Verificou-se que, em termos medianos, os utentes, em geral, saem da lista de
espera após 2 a 3 meses de lá entrarem (68 e 69 dias). Quando se realiza a
mesma análise, mas apenas em relação à ARS, verifica-se que na ARS Alentejo os
tempos de espera medianos situam-se entre os 58 e os 59 dias, no Algarve entre
os 88 e os 89 dias, no Centro entre os 73 e os 74 dias, em Lisboa e Vale do
Tejo entre os 61 e os 62 dias e no Norte entre 70 e os 71 dias. Daqui se
conclui que existem diferenças significativas entre ARSs no que respeita aos
tempos de espera. A ARS Alentejo é a que apresenta menor tempo de espera até à
saída da lista. Segue-se Lisboa e Vale do Tejo, Norte, Centro e Algarve, por
ordem crescente de tempo de permanência na lista de espera.
Note-se que estes resultados não controlam características que podem justificar
as diferenças encontradas, como o tipo de cirurgia em causa e a patologia
associada.

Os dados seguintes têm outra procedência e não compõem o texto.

lemma inj_on_mset_coord_list: "inj_on (\<lambda>v. mset (coord_list n v)) (face_reps n)"
proof (rule inj_onI)
  fix v w assume v: "v \<in> face_reps n" and w: "w \<in> face_reps n" and e: "mset (coord_list n v) = mset (coord_list n w)"
  have "sort (rev (coord_list n w)) = rev (coord_list n v)"
    by (rule properties_for_sort) (use e sorted_rev_coord_list[OF v] in auto)
  moreover have "sort (rev (coord_list n w)) = rev (coord_list n w)" using sorted_rev_coord_list[OF w] by (rule sorted_sort_id)
  ultimately have L: "coord_list n v = coord_list n w" by simp
  show "v = w"
  proof
    fix i show "v i = w i"
    proof (cases "i < n")
      case True
      then have "\<lfloor>v i\<rfloor> = \<lfloor>w i\<rfloor>" using L coord_list_nth by metis
      then show ?thesis using face_rep_of_int_floor[OF v True] face_rep_of_int_floor[OF w True] by metis
    next
      case False then show ?thesis using v w by (auto simp: face_reps_def Wc_def Rn_def)
    qed
  qed
qed

definition list_point :: "nat \<Rightarrow> int list \<Rightarrow> nat \<Rightarrow> real" where
  "list_point n xs = (\<lambda>i. if i < n then real_of_int (xs ! i) else 0)"

lemma coord_list_list_point: "length xs = n \<Longrightarrow> coord_list n (list_point n xs) = xs"
  by (intro nth_equalityI) (auto simp: coord_list_nth list_point_def)

lemma list_point_levels:
  assumes len: "length xs = n" and M: "mset xs \<in> level_msets n k"
  shows "(\<lambda>i. \<bar>list_point n xs i\<bar>) ` {i. i < n \<and> list_point n xs i \<noteq> 0} = real ` {1..k}"
proof
  have bound: "\<bar>xs ! i\<bar> \<le> int k" if "i < n" for i
    using M len that by (auto simp: level_msets_def)
  show "(\<lambda>i. \<bar>list_point n xs i\<bar>) ` {i. i < n \<and> list_point n xs i \<noteq> 0} \<subseteq> real ` {1..k}"
  proof
    fix y assume "y \<in> (\<lambda>i. \<bar>list_point n xs i\<bar>) ` {i. i < n \<and> list_point n xs i \<noteq> 0}"
    then obtain i where i: "i < n" "xs ! i \<noteq> 0" "y = real_of_int \<bar>xs ! i\<bar>"
      by (auto simp: list_point_def)
    have "y = real (nat \<bar>xs ! i\<bar>)" using i by simp
    moreover have "nat \<bar>xs ! i\<bar> \<in> {1..k}" using i bound[OF i(1)] by auto
    ultimately show "y \<in> real ` {1..k}" by blast
  qed
  show "real ` {1..k} \<subseteq> (\<lambda>i. \<bar>list_point n xs i\<bar>) ` {i. i < n \<and> list_point n xs i \<noteq> 0}"
  proof
    fix y assume "y \<in> real ` {1..k}"
    then obtain m where m: "1 \<le> m" "m \<le> k" "y = real m" by auto
    then have "int m \<in> set xs \<or> - int m \<in> set xs" using M by (auto simp: level_msets_def)
    then obtain j where j: "j < n" "xs ! j = int m \<or> xs ! j = - int m"
      using len by (auto simp: in_set_conv_nth)
    then have "list_point n xs j \<noteq> 0" "\<bar>list_point n xs j\<bar> = y" using m by (auto simp: list_point_def)
    then show "y \<in> (\<lambda>i. \<bar>list_point n xs i\<bar>) ` {i. i < n \<and> list_point n xs i \<noteq> 0}"
      using j by auto
  qed
qed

De facto, a base de dados utilizada apenas fornece informação
relativamente ao género e idade do utente o que limita uma análise mais
completa das probabilidades de manutenção/abandono da lista de espera para
cirurgia, em Portugal, por ARS. Acresce-se que a escassez de estudos, nesta
área concreta e com esta metodologia, dificulta uma comparação internacional
com base em valores de referência atualizados, limitando a discussão e
comparabilidade dos resultados. Estas limitações reforçam, no entanto, aquela
que se acredita ser a mais-valia deste artigo. Fundamentar cientificamente,
utilizando métodos de medição econométrica aceites na literatura internacional,
resultados relativos à quantificação de tempos de espera para cirurgia em
Portugal e, desta forma, constituir-se como uma ferramenta de apoio à tomada de
decisão no âmbito da prestação de cuidados de saúde. Estudos que permitam
conhecer os resultados de programas na área da gestão da saúde constituem-se
como ferramentas importantes para os gestores de tais programas, em particular,
e dos serviços de saúde, em geral, visto que a pressão financeira atual imposta
ao serviço nacional de saúde exige que, de entre os programas de saúde em
execução, se selecionem apenas os mais eficazes na promoção dos objetivos a que
se propõem. A disponibilidade de instrumentos capazes de determinar quais as
medidas de maior eficiência e eficácia é fundamental para a tomada de decisões
pelos gestores de tais serviços e programas.